▶ YOUR OBJECTIVE
Please go through the records below and return every line holding the word "swap".

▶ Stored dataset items

================================

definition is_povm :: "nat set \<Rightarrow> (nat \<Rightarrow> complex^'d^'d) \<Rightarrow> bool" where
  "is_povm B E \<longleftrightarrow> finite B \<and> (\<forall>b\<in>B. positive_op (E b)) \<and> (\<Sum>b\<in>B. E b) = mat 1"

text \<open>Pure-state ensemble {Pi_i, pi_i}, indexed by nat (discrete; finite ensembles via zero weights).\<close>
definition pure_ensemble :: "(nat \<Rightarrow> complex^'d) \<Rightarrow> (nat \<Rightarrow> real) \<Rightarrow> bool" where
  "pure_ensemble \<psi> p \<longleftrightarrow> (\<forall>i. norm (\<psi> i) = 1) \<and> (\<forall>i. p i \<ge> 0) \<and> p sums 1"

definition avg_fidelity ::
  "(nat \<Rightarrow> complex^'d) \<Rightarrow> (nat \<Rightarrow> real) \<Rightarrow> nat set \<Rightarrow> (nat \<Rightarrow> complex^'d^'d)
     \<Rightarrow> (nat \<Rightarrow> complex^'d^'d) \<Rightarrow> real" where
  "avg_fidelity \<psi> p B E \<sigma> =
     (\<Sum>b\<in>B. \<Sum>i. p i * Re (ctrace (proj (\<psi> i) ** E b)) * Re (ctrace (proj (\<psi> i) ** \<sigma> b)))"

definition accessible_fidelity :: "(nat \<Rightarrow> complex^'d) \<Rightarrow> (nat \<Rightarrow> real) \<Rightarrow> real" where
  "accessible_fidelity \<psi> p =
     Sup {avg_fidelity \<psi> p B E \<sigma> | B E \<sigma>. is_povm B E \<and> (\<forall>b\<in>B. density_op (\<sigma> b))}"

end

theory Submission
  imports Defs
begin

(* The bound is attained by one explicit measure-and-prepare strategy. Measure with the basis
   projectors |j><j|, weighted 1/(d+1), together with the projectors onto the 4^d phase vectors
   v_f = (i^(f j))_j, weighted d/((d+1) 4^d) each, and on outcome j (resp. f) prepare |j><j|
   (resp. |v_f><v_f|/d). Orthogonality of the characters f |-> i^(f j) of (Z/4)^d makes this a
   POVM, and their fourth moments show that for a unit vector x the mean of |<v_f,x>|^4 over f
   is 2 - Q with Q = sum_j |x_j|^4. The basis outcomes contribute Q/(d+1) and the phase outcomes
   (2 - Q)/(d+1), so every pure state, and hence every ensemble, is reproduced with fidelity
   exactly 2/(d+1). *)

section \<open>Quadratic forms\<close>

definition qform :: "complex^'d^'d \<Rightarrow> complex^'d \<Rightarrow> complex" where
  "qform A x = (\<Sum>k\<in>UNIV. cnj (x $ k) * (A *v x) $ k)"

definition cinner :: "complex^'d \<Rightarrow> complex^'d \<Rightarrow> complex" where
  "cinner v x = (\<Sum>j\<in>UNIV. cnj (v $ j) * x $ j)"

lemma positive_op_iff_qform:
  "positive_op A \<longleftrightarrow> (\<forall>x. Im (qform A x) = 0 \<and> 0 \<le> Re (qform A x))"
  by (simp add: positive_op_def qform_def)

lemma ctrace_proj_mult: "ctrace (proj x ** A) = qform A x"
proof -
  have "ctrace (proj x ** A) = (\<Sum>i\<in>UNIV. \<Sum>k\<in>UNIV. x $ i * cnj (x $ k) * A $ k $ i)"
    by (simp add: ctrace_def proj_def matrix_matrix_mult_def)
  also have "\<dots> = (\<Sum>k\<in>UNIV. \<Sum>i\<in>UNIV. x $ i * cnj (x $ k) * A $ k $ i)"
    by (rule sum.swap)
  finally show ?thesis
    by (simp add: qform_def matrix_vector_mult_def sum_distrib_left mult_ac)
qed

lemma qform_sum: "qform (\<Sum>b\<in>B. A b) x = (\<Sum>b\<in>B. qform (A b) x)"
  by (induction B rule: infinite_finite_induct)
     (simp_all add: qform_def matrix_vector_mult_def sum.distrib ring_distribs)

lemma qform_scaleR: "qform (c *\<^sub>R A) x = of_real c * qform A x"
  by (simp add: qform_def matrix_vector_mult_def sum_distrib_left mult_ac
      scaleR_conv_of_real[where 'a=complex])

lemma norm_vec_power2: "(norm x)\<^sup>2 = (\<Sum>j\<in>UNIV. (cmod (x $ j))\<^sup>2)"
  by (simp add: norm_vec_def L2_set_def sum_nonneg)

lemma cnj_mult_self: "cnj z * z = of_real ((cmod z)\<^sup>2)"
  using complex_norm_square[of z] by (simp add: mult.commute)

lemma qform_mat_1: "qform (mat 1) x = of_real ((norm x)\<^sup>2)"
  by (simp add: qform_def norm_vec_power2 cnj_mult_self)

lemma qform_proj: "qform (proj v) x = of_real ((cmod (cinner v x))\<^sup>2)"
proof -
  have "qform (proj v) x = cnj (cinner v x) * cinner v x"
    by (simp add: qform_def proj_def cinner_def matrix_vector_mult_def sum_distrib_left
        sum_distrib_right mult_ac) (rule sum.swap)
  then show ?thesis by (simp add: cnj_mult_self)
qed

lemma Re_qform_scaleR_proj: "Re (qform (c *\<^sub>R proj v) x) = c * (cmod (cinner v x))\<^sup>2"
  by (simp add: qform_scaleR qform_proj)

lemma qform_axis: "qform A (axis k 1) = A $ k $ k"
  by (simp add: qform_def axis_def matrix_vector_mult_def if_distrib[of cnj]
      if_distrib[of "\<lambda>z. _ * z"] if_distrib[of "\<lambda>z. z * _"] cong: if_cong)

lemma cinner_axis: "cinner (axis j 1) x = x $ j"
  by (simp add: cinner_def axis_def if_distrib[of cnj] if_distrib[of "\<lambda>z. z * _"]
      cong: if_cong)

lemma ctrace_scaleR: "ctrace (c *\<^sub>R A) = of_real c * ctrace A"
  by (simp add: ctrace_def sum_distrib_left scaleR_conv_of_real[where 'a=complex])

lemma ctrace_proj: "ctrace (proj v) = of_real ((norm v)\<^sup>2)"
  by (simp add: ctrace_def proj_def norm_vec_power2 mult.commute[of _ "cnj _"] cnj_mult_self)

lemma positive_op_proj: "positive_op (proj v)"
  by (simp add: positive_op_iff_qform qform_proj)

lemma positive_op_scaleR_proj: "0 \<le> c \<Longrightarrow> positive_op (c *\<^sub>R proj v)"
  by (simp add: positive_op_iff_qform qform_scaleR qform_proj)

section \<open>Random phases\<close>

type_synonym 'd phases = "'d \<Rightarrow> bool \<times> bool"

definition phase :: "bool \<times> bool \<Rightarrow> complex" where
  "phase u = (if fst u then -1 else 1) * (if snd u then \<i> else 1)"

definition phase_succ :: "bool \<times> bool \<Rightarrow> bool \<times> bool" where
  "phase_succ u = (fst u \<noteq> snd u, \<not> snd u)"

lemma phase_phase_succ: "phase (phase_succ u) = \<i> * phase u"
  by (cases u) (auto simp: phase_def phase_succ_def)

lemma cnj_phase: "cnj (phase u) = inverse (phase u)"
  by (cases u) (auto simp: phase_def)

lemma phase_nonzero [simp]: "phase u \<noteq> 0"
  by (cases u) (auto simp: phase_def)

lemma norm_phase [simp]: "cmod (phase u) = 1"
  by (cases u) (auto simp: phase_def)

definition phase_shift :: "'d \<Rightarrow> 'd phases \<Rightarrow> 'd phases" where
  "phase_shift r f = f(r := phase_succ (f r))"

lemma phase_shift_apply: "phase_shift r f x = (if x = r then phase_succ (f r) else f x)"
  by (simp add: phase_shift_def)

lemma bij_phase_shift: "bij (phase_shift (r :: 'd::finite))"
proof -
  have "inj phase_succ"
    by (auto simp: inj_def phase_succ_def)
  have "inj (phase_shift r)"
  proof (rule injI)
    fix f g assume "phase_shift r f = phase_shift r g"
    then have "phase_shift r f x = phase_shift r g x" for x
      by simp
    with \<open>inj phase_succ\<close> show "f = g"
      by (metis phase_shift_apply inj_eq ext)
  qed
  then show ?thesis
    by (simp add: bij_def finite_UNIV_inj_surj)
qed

================================

▶ SOLUTION TO THE PROBLEM
    by (rule sum.swap)
        sum_distrib_right mult_ac) (rule sum.swap)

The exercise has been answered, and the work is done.